Collected data entries »
◆ ◆ ◆ ◆ ◆ ◆ ◆

lemma nderiv_powser:
  fixes F :: "real \<Rightarrow> 'a::euclidean_space"
  assumes "0 < r" "r \<le> \<epsilon>"
    and sums: "\<And>y. 0 \<le> y \<Longrightarrow> y < r \<Longrightarrow> (\<lambda>i. y ^ i *\<^sub>R A i) sums F y"
  shows "nderiv {0..\<epsilon>} n F 0 = fact n *\<^sub>R A n"
proof -
  define P where "P n b y = (\<Sum>i. (diffs ^^ n) (\<lambda>i. A i \<bullet> b) i * y ^ i)" for n b y
  define G where "G n y = (\<Sum>b\<in>Basis. P n b y *\<^sub>R b)" for n y
  have coord_sums: "(\<lambda>i. (A i \<bullet> b) * y ^ i) sums (F y \<bullet> b)" if "0 \<le> y" "y < r" for b y
    using bounded_linear.sums[OF bounded_linear_inner_left sums[OF that]]
    by (simp add: mult.commute)
  have coord_summable: "summable (\<lambda>i. (A i \<bullet> b) * y ^ i)" if "norm y < r" for b y
  proof -
    have "summable (\<lambda>i. (A i \<bullet> b) * ((\<bar>y\<bar> + r) / 2) ^ i)"
      using coord_sums[of "(\<bar>y\<bar> + r) / 2"] that by (auto intro: sums_summable)
    then show ?thesis
      by (rule powser_inside) (use that in auto)
  qed
  have deriv: "(P n b has_vector_derivative P (Suc n) b y) (at y within {0..\<epsilon>})"
    if "\<bar>y\<bar> < r" for n b y
    using termdiffs_strong'[of r "(diffs ^^ n) (\<lambda>i. A i \<bullet> b)" y]
      summable_funpow_diffs_powser[OF coord_summable] that
    unfolding P_def[abs_def]
    by (simp add: has_real_derivative_iff_has_vector_derivative has_vector_derivative_at_within)
  have "nderiv {0..\<epsilon>} n F 0 = G n 0"
  proof (rule nderiv_eqI[OF assms(1,2)])
    show "F y = G 0 y" if "0 \<le> y" "y < r" for y
      using coord_sums that by (simp add: G_def P_def sums_iff euclidean_representation)
    show "(G n has_vector_derivative G (Suc n) y) (at y within {0..\<epsilon>})"
      if "0 \<le> y" "y < r" for n y
      unfolding G_def[abs_def] using that
      by (intro has_vector_derivative_sum deriv
          bounded_linear.has_vector_derivative[OF bounded_linear_scaleR_left]) simp
  qed (use assms in auto)
  also have "\<dots> = fact n *\<^sub>R (\<Sum>b\<in>Basis. (A n \<bullet> b) *\<^sub>R b)"
    by (simp add: G_def P_def funpow_diffs_0 scaleR_sum_right)
  finally show ?thesis
    by (simp add: euclidean_representation)
qed

lemma powser_coeffs_unique:
  fixes A B :: "nat \<Rightarrow> 'a::euclidean_space"
  assumes "0 < r"
    and "\<And>y. 0 \<le> y \<Longrightarrow> y < r \<Longrightarrow> (\<lambda>i. y ^ i *\<^sub>R A i) sums F y"
    and "\<And>y. 0 \<le> y \<Longrightarrow> y < r \<Longrightarrow> (\<lambda>i. y ^ i *\<^sub>R B i) sums F y"
  shows "A = B"
proof
  fix n
  have "fact n *\<^sub>R A n = fact n *\<^sub>R B n"
    using nderiv_powser[of r r A F n] nderiv_powser[of r r B F n] assms by simp
  then show "A n = B n"
    by simp
qed

lemma powser_coeffs_in_subspace:
  fixes A :: "nat \<Rightarrow> 'a::euclidean_space"
  assumes "subspace S" "0 < r"
    and sums: "\<And>y. 0 \<le> y \<Longrightarrow> y < r \<Longrightarrow> (\<lambda>i. y ^ i *\<^sub>R A i) sums F y"
    and in_S: "\<And>y. 0 \<le> y \<Longrightarrow> y < r \<Longrightarrow> F y \<in> S"
  shows "A i \<in> S"
proof -
  obtain x z where "x \<in> span S" and z_orth: "\<And>w. w \<in> span S \<Longrightarrow> orthogonal z w"
    and "A i = x + z"
    using orthogonal_subspace_decomp_exists[of S "A i"] by auto
  have "(\<lambda>j. y ^ j *\<^sub>R (A j \<bullet> z)) sums 0" if "0 \<le> y" "y < r" for y
  proof -
    have "(\<lambda>j. y ^ j *\<^sub>R (A j \<bullet> z)) sums (F y \<bullet> z)"
      using bounded_linear.sums[OF bounded_linear_inner_left sums[OF that]] by simp
    moreover have "orthogonal z (F y)"
      using z_orth in_S[OF that] by (simp add: span_base)
    ultimately show ?thesis
      by (simp add: orthogonal_def inner_commute)
  qed
  moreover have "(\<lambda>j. y ^ j *\<^sub>R (0::real)) sums 0" for y
    by simp
  ultimately have "(\<lambda>j. A j \<bullet> z) = (\<lambda>j. 0)"
    by (intro powser_coeffs_unique[OF \<open>0 < r\<close>])
  then have "A i \<bullet> z = 0"
    by (simp add: fun_eq_iff)
  moreover have "x \<bullet> z = 0"
    using z_orth \<open>x \<in> span S\<close> by (simp add: orthogonal_def inner_commute)
  ultimately have "z = 0"
    using \<open>A i = x + z\<close> by (simp add: inner_add_left)
  then show ?thesis
    using \<open>A i = x + z\<close> \<open>x \<in> span S\<close> span_eq_iff[THEN iffD2, OF \<open>subspace S\<close>] by simp
qed

lemma powser_Cauchy_product_sums:
  fixes c d :: "nat \<Rightarrow> 'a::{real_normed_field,banach}"
  assumes "(\<lambda>i. c i * y ^ i) sums U" "(\<lambda>i. d i * y ^ i) sums V"
    and "summable (\<lambda>i. c i * z ^ i)" "summable (\<lambda>i. d i * z ^ i)" "norm y < norm z"
  shows "(\<lambda>n. y ^ n * (\<Sum>i\<le>n. c i * d (n - i))) sums (U * V)"
proof -
  have "(\<lambda>n. \<Sum>i\<le>n. (c i * y ^ i) * (d (n - i) * y ^ (n - i))) sums (U * V)"
    using Cauchy_product_sums[OF powser_insidea[OF assms(3,5)] powser_insidea[OF assms(4,5)]]
      assms(1,2) by (simp add: sums_iff)
  moreover have "(\<Sum>i\<le>n. (c i * y ^ i) * (d (n - i) * y ^ (n - i)))
      = y ^ n * (\<Sum>i\<le>n. c i * d (n - i))" for n
    unfolding sum_distrib_left by (rule sum.cong) (auto simp: algebra_simps simp flip: power_add)
  ultimately show ?thesis
    by simp
qed

lemma powser_inner_sums:
  fixes a b :: "nat \<Rightarrow> 'a::euclidean_space"
  assumes "(\<lambda>i. y ^ i *\<^sub>R a i) sums S" "(\<lambda>i. y ^ i *\<^sub>R b i) sums T"
    and "summable (\<lambda>i. z ^ i *\<^sub>R a i)" "summable (\<lambda>i. z ^ i *\<^sub>R b i)" "\<bar>y\<bar> < \<bar>z\<bar>"
  shows "(\<lambda>n. y ^ n * (\<Sum>i\<le>n. a i \<bullet> b (n - i))) sums (S \<bullet> T)"
proof -
  have coord_sums: "(\<lambda>i. (c i \<bullet> e) * y ^ i) sums (U \<bullet> e)"
    if "(\<lambda>i. y ^ i *\<^sub>R c i) sums U" for c U e
    using bounded_linear.sums[OF bounded_linear_inner_left that] by (simp add: mult.commute)
  have coord_summable: "summable (\<lambda>i. (c i \<bullet> e) * z ^ i)"
    if "summable (\<lambda>i. z ^ i *\<^sub>R c i)" for c e
    using bounded_linear.summable[OF bounded_linear_inner_left that] by (simp add: mult.commute)
  have "(\<lambda>n. \<Sum>e\<in>Basis. y ^ n * (\<Sum>i\<le>n. (a i \<bullet> e) * (b (n - i) \<bullet> e)))
      sums (\<Sum>e\<in>Basis. (S \<bullet> e) * (T \<bullet> e))"
    using assms(5)
    by (intro sums_sum powser_Cauchy_product_sums[where z = z] coord_sums coord_summable assms(1-4))
      simp
  moreover have "a i \<bullet> b j = (\<Sum>e\<in>Basis. (a i \<bullet> e) * (b j \<bullet> e))" for i j
    by (rule euclidean_inner)
  ultimately show ?thesis
    by (simp add: euclidean_inner[of S T] sum_distrib_left sum.swap[of _ Basis])
qed

lemma real_analytic_on_polynomial:
  fixes C :: "nat \<Rightarrow> 'a::real_normed_vector"
  shows "real_analytic_on (\<lambda>y. \<Sum>i\<le>k. y ^ i *\<^sub>R C i) S"
  unfolding real_analytic_on_def
proof (intro ballI exI conjI allI impI)
  fix x y :: real
  define D where "D j = (\<Sum>i\<le>k. (of_nat (i choose j) * x ^ (i - j)) *\<^sub>R C i)" for j
  have "(\<lambda>j. (y - x) ^ j *\<^sub>R D j) sums (\<Sum>j\<le>k. (y - x) ^ j *\<^sub>R D j)"
    by (rule sums_finite) (auto simp: D_def binomial_eq_0 intro!: sum.neutral)
  moreover have "(\<Sum>j\<le>k. (y - x) ^ j *\<^sub>R D j) = (\<Sum>i\<le>k. y ^ i *\<^sub>R C i)"
  proof -
    have "(\<Sum>j\<le>k. (y - x) ^ j *\<^sub>R D j)
        = (\<Sum>j\<le>k. \<Sum>i\<le>k. ((y - x) ^ j * (of_nat (i choose j) * x ^ (i - j))) *\<^sub>R C i)"
      by (simp add: D_def scaleR_sum_right)
    also have "\<dots> = (\<Sum>i\<le>k. \<Sum>j\<le>k. ((y - x) ^ j * (of_nat (i choose j) * x ^ (i - j))) *\<^sub>R C i)"
      by (rule sum.swap)
    also have "\<dots> = (\<Sum>i\<le>k. (\<Sum>j\<le>k. (y - x) ^ j * (of_nat (i choose j) * x ^ (i - j))) *\<^sub>R C i)"
      by (simp add: scaleR_sum_left)
    also have "\<dots> = (\<Sum>i\<le>k. ((y - x) + x) ^ i *\<^sub>R C i)"
    proof (rule sum.cong[OF refl])
      fix i
      assume "i \<in> {..k}"
      then have "(\<Sum>j\<le>k. (y - x) ^ j * (of_nat (i choose j) * x ^ (i - j)))
          = (\<Sum>j\<le>i. (y - x) ^ j * (of_nat (i choose j) * x ^ (i - j)))"
        by (intro sum.mono_neutral_right) (auto simp: binomial_eq_0)
      then show "(\<Sum>j\<le>k. (y - x) ^ j * (of_nat (i choose j) * x ^ (i - j))) *\<^sub>R C i
          = ((y - x) + x) ^ i *\<^sub>R C i"
        using binomial_ring[of "y - x" x i] by (simp add: mult_ac)
    qed
    finally show ?thesis
      by simp
  qed
  ultimately show "(\<lambda>j. (y - x) ^ j *\<^sub>R D j) sums (\<Sum>i\<le>k. y ^ i *\<^sub>R C i)"
    by simp
qed (rule zero_less_one)

lemma real_analytic_on_powser_at_0:
  assumes "real_analytic_on f {0..\<epsilon>}" "0 < \<epsilon>"
  obtains r A where "0 < r" "r \<le> \<epsilon>" "\<And>y. 0 \<le> y \<Longrightarrow> y < r \<Longrightarrow> (\<lambda>i. y ^ i *\<^sub>R A i) sums f y"
proof -
  obtain r0 A where "0 < r0"
    and A: "\<forall>y\<in>{0..\<epsilon>}. \<bar>y - 0\<bar> < r0 \<longrightarrow> (\<lambda>i. (y - 0) ^ i *\<^sub>R A i) sums f y"
    using assms unfolding real_analytic_on_def by force
  show ?thesis
    by (rule that[of "min r0 \<epsilon>" A]) (use \<open>0 < r0\<close> assms(2) A in auto)
qed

◆ ◆ ◆ ◆ ◆ ◆ ◆

Exercise prompt » Find the number of lines in the records that contain "finally", and write that number only.

Response » 2